Copy word for word, please, the lines of the entries below running from the one containing "ultimately show ?thesis using" to the one containing "proof (intro equalityI subsetI)", both ends included.

- Dataset items
- Opening Delimiter -

lemma affine_images_Int:
  fixes H1 H2 :: "'a :: field mat"
  assumes H1: "H1 \<in> carrier_mat m n1" and H2: "H2 \<in> carrier_mat m n2"
    and p1: "p1 \<in> carrier_vec m" and p2: "p2 \<in> carrier_vec m"
  shows "{H1 *\<^sub>v l1 + p1 | l1. l1 \<in> carrier_vec n1} \<inter> {H2 *\<^sub>v l2 + p2 | l2. l2 \<in> carrier_vec n2} =
         {H1 *\<^sub>v l1 + p1 | l1 l2. l1 \<in> carrier_vec n1 \<and> l2 \<in> carrier_vec n2 \<and>
            H1 *\<^sub>v l1 + H2 *\<^sub>v l2 = p2 - p1}"
proof -
  have meet_iff: "H1 *\<^sub>v l1 + p1 = H2 *\<^sub>v l2 + p2 \<longleftrightarrow>
                  H1 *\<^sub>v l1 + H2 *\<^sub>v ((-1) \<cdot>\<^sub>v l2) = p2 - p1"
    if l: "l1 \<in> carrier_vec n1" "l2 \<in> carrier_vec n2" for l1 l2
  proof -
    have "(H2 *\<^sub>v ((-1) \<cdot>\<^sub>v l2)) $ i = - (H2 *\<^sub>v l2) $ i" if "i < m" for i
      using mult_mat_vec[OF H2 l(2), of "-1"] that H2 by simp
    moreover have "a + q1 = b + q2 \<longleftrightarrow> a - b = q2 - q1" for a b q1 q2 :: 'a
      by (auto simp: algebra_simps)
    ultimately show ?thesis using H1 H2 p1 p2 by (simp add: vec_eq_iff)
  qed
  have neg_neg: "(-1) \<cdot>\<^sub>v ((-1) \<cdot>\<^sub>v l) = (l :: 'a vec)" for l by (intro eq_vecI) auto
  show ?thesis
  proof (intro equalityI subsetI)
    fix z assume "z \<in> {H1 *\<^sub>v l1 + p1 | l1. l1 \<in> carrier_vec n1} \<inter> {H2 *\<^sub>v l2 + p2 | l2. l2 \<in> carrier_vec n2}"
    then obtain l1 l2 where l: "l1 \<in> carrier_vec n1" "l2 \<in> carrier_vec n2"
      and z: "z = H1 *\<^sub>v l1 + p1" and meet: "H1 *\<^sub>v l1 + p1 = H2 *\<^sub>v l2 + p2" by blast
    have "H1 *\<^sub>v l1 + H2 *\<^sub>v ((-1) \<cdot>\<^sub>v l2) = p2 - p1" using meet_iff[OF l] meet by blast
    moreover have "(-1) \<cdot>\<^sub>v l2 \<in> carrier_vec n2" using l(2) by simp
    ultimately show "z \<in> {H1 *\<^sub>v l1 + p1 | l1 l2. l1 \<in> carrier_vec n1 \<and> l2 \<in> carrier_vec n2 \<and>
                   H1 *\<^sub>v l1 + H2 *\<^sub>v l2 = p2 - p1}"
      using l(1) z by blast
  next
    fix z assume "z \<in> {H1 *\<^sub>v l1 + p1 | l1 l2. l1 \<in> carrier_vec n1 \<and> l2 \<in> carrier_vec n2 \<and>
                   H1 *\<^sub>v l1 + H2 *\<^sub>v l2 = p2 - p1}"
    then obtain l1 l2 where l: "l1 \<in> carrier_vec n1" "l2 \<in> carrier_vec n2"
      and z: "z = H1 *\<^sub>v l1 + p1" and eq: "H1 *\<^sub>v l1 + H2 *\<^sub>v l2 = p2 - p1" by blast
    have l2': "(-1) \<cdot>\<^sub>v l2 \<in> carrier_vec n2" using l(2) by simp
    have "z = H2 *\<^sub>v ((-1) \<cdot>\<^sub>v l2) + p2"
      using meet_iff[OF l(1) l2'] eq z unfolding neg_neg by blast
    then show "z \<in> {H1 *\<^sub>v l1 + p1 | l1. l1 \<in> carrier_vec n1} \<inter> {H2 *\<^sub>v l2 + p2 | l2. l2 \<in> carrier_vec n2}"
      using l(1) l2' z by blast
  qed
qed
lemma behavior_carrier:
  "behavior nx nu ny T A B C D x0 \<subseteq> carrier_vec ((nu + ny) * T)"
  unfolding behavior_def by (auto simp: distrib_right)

lemma behavior_lincomb:
  assumes dims: "\<forall>t<T. A t \<in> carrier_mat nx nx \<and> B t \<in> carrier_mat nx nu \<and>
            C t \<in> carrier_mat ny nx \<and> D t \<in> carrier_mat ny nu"
    and a: "a \<in> behavior nx nu ny T A B C D xa"
    and b: "b \<in> behavior nx nu ny T A B C D xb"
  shows "\<alpha> \<cdot>\<^sub>v a + \<beta> \<cdot>\<^sub>v b \<in> behavior nx nu ny T A B C D (\<alpha> \<cdot>\<^sub>v xa + \<beta> \<cdot>\<^sub>v xb)"
proof -
  obtain ua ya xsa where ha: "a = ua @\<^sub>v ya" "ua \<in> carrier_vec (nu * T)" "ya \<in> carrier_vec (ny * T)"
    "xsa 0 = xa" "\<forall>t<T. xsa t \<in> carrier_vec nx \<and>
                  xsa (Suc t) = A t *\<^sub>v xsa t + B t *\<^sub>v blk nu ua t \<and>
                  blk ny ya t = C t *\<^sub>v xsa t + D t *\<^sub>v blk nu ua t"
    using a unfolding behavior_def by blast
  obtain ub yb xsb where hb: "b = ub @\<^sub>v yb" "ub \<in> carrier_vec (nu * T)" "yb \<in> carrier_vec (ny * T)"
    "xsb 0 = xb" "\<forall>t<T. xsb t \<in> carrier_vec nx \<and>
                  xsb (Suc t) = A t *\<^sub>v xsb t + B t *\<^sub>v blk nu ub t \<and>
                  blk ny yb t = C t *\<^sub>v xsb t + D t *\<^sub>v blk nu ub t"
    using b unfolding behavior_def by blast
  define u where "u = \<alpha> \<cdot>\<^sub>v ua + \<beta> \<cdot>\<^sub>v ub"
  define y where "y = \<alpha> \<cdot>\<^sub>v ya + \<beta> \<cdot>\<^sub>v yb"
  define x where "x = (\<lambda>t. \<alpha> \<cdot>\<^sub>v xsa t + \<beta> \<cdot>\<^sub>v xsb t)"
  have lin: "M *\<^sub>v (\<alpha> \<cdot>\<^sub>v p + \<beta> \<cdot>\<^sub>v q) = \<alpha> \<cdot>\<^sub>v (M *\<^sub>v p) + \<beta> \<cdot>\<^sub>v (M *\<^sub>v q)"
    if "M \<in> carrier_mat r c" "p \<in> carrier_vec c" "q \<in> carrier_vec c" for M :: "real mat" and r c p q
    using that by (simp add: mult_add_distrib_mat_vec mult_mat_vec)
  have rearrange: "\<alpha> \<cdot>\<^sub>v (p1 + q1) + \<beta> \<cdot>\<^sub>v (p2 + q2) = (\<alpha> \<cdot>\<^sub>v p1 + \<beta> \<cdot>\<^sub>v p2) + (\<alpha> \<cdot>\<^sub>v q1 + \<beta> \<cdot>\<^sub>v q2)"
    if "p1 \<in> carrier_vec r" "p2 \<in> carrier_vec r" "q1 \<in> carrier_vec r" "q2 \<in> carrier_vec r"
    for p1 p2 q1 q2 :: "real vec" and r
    using that by (intro eq_vecI) (auto simp: algebra_simps)
  have "x t \<in> carrier_vec nx \<and> x (Suc t) = A t *\<^sub>v x t + B t *\<^sub>v blk nu u t \<and>
        blk ny y t = C t *\<^sub>v x t + D t *\<^sub>v blk nu u t" if t: "t < T" for t
  proof (intro conjI)
    have xs: "xsa t \<in> carrier_vec nx" "xsb t \<in> carrier_vec nx" using ha(5) hb(5) t by auto
    have us: "blk nu ua t \<in> carrier_vec nu" "blk nu ub t \<in> carrier_vec nu" unfolding blk_def by auto
    have m: "A t \<in> carrier_mat nx nx" "B t \<in> carrier_mat nx nu"
      "C t \<in> carrier_mat ny nx" "D t \<in> carrier_mat ny nu"
      using dims t by auto
    have u_blk: "blk nu u t = \<alpha> \<cdot>\<^sub>v blk nu ua t + \<beta> \<cdot>\<^sub>v blk nu ub t"
      unfolding u_def using blk_lincomb ha(2) hb(2) t by blast
    have y_blk: "blk ny y t = \<alpha> \<cdot>\<^sub>v blk ny ya t + \<beta> \<cdot>\<^sub>v blk ny yb t"
      unfolding y_def using blk_lincomb ha(3) hb(3) t by blast
    show "x t \<in> carrier_vec nx" unfolding x_def using xs by auto
    show "x (Suc t) = A t *\<^sub>v x t + B t *\<^sub>v blk nu u t"
      unfolding x_def u_blk using ha(5) hb(5) t xs us m
      by (simp add: lin[OF m(1)] lin[OF m(2)] rearrange[of _ nx])
    show "blk ny y t = C t *\<^sub>v x t + D t *\<^sub>v blk nu u t"
      unfolding x_def u_blk y_blk using ha(5) hb(5) t xs us m
      by (simp add: lin[OF m(3)] lin[OF m(4)] rearrange[of _ ny])
  qed
  moreover have "\<alpha> \<cdot>\<^sub>v a + \<beta> \<cdot>\<^sub>v b = u @\<^sub>v y"
    unfolding u_def y_def ha hb using ha(2,3) hb(2,3) by (intro eq_vecI) auto
  moreover have "x 0 = \<alpha> \<cdot>\<^sub>v xa + \<beta> \<cdot>\<^sub>v xb" unfolding x_def ha(4) hb(4) ..
  moreover have "u \<in> carrier_vec (nu * T)" "y \<in> carrier_vec (ny * T)"
    unfolding u_def y_def using ha hb by auto
  ultimately show ?thesis unfolding behavior_def by blast
qed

- Closing Delimiter -

- Task result
    ultimately show ?thesis using H1 H2 p1 p2 by (simp add: vec_eq_iff)
  qed
  have neg_neg: "(-1) \<cdot>\<^sub>v ((-1) \<cdot>\<^sub>v l) = (l :: 'a vec)" for l by (intro eq_vecI) auto
  show ?thesis
  proof (intro equalityI subsetI)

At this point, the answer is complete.